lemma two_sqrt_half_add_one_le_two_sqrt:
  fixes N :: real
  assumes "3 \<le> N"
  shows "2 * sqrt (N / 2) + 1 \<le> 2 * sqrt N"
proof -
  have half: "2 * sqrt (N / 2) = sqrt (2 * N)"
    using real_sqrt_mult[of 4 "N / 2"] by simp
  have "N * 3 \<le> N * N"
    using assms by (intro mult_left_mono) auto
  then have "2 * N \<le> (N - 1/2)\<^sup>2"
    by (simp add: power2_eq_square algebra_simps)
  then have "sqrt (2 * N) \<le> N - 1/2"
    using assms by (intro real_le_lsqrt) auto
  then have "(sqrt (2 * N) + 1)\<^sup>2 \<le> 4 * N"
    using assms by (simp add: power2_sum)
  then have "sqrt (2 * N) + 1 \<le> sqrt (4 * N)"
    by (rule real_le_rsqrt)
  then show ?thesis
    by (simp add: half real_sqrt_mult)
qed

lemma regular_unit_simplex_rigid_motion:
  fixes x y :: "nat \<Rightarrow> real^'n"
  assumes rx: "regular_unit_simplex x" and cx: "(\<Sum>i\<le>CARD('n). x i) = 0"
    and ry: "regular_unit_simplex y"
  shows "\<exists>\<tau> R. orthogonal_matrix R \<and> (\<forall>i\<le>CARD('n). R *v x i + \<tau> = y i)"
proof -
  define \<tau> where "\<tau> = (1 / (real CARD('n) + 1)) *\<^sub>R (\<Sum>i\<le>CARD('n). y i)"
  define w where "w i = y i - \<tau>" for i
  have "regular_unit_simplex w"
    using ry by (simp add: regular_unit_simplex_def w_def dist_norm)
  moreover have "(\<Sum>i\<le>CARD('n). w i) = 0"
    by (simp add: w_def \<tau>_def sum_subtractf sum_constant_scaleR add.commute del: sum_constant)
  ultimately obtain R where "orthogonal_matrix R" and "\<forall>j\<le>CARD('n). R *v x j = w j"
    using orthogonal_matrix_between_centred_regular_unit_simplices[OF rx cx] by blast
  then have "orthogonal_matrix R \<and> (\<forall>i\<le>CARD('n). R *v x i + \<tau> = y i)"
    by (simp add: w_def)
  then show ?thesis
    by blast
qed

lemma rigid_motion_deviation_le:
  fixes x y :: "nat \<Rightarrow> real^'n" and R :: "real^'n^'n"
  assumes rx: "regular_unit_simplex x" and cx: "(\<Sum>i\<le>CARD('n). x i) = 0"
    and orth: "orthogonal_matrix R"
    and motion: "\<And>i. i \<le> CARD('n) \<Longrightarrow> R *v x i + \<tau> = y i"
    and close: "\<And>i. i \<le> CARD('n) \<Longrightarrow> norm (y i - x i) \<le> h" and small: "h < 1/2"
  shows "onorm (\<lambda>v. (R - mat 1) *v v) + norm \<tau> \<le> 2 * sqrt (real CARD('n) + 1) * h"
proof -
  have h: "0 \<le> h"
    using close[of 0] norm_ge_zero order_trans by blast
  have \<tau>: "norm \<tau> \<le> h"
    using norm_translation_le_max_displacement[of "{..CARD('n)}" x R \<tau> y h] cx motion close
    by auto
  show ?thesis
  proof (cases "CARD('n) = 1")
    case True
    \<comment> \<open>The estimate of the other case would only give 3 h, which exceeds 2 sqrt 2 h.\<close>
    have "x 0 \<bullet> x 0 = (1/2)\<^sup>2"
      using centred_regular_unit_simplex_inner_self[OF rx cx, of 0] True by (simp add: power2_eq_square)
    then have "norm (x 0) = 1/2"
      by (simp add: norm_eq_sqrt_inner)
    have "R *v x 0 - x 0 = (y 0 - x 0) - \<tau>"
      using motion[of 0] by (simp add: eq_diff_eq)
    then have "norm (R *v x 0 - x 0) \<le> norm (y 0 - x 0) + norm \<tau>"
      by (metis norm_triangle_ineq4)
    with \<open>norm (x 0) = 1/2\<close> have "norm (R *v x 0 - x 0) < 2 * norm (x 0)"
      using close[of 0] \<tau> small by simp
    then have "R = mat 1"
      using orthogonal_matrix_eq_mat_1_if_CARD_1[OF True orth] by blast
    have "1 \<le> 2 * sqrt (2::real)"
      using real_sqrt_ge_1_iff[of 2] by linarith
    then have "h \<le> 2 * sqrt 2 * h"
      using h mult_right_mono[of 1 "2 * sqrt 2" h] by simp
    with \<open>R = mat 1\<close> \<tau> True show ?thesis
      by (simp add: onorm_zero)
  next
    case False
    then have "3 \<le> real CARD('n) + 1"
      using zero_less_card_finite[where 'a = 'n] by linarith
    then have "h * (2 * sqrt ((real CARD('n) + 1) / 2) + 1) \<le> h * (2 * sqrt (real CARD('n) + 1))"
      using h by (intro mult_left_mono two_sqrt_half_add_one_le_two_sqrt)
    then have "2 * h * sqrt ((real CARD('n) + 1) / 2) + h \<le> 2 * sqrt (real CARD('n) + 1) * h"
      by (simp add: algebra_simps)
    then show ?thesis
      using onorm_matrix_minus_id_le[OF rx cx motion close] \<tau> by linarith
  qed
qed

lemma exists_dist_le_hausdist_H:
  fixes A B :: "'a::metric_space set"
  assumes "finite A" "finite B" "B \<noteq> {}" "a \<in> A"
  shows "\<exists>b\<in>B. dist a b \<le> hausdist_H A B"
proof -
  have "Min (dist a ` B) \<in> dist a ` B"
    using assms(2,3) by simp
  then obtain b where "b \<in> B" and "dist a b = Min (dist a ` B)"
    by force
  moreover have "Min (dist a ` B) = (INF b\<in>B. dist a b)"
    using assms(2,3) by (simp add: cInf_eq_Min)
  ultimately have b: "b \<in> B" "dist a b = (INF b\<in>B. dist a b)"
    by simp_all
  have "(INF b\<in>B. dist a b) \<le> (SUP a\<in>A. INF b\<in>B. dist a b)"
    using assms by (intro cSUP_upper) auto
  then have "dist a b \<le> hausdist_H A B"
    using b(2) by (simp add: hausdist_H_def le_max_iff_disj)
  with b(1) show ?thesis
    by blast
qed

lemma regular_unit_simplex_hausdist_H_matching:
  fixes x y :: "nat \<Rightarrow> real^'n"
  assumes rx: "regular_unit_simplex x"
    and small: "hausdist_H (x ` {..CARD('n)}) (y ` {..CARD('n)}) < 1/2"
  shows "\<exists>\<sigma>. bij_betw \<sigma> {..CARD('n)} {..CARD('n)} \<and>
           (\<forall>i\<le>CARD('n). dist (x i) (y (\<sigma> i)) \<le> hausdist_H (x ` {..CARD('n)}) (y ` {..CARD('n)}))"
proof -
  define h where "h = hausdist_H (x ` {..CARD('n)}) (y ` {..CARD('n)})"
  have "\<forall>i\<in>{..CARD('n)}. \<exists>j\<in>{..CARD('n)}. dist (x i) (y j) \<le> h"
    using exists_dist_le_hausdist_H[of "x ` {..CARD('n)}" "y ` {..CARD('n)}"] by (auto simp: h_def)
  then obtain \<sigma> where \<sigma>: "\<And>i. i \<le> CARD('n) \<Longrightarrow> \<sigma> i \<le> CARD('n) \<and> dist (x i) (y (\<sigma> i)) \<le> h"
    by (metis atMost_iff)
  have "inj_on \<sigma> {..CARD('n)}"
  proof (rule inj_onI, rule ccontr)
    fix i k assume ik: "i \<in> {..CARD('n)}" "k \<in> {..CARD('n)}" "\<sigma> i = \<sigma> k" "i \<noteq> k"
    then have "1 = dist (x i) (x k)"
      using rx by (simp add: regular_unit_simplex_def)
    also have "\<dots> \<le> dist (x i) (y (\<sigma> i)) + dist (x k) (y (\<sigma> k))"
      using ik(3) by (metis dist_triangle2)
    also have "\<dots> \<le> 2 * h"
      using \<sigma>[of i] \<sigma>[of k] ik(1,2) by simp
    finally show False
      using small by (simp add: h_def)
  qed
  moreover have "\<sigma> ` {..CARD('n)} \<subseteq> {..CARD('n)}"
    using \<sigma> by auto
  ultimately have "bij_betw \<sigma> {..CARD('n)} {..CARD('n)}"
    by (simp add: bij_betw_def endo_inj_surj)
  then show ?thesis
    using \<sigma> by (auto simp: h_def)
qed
######
- Exercise requirements
For the listing above, print only the lines starting at the line containing "dist (x i) (x" and ending at the line containing "finally show False", exactly, both included.

- Written solution
    then have "1 = dist (x i) (x k)"
      using rx by (simp add: regular_unit_simplex_def)
    also have "\<dots> \<le> dist (x i) (y (\<sigma> i)) + dist (x k) (y (\<sigma> k))"
      using ik(3) by (metis dist_triangle2)
    also have "\<dots> \<le> 2 * h"
      using \<sigma>[of i] \<sigma>[of k] ik(1,2) by simp
    finally show False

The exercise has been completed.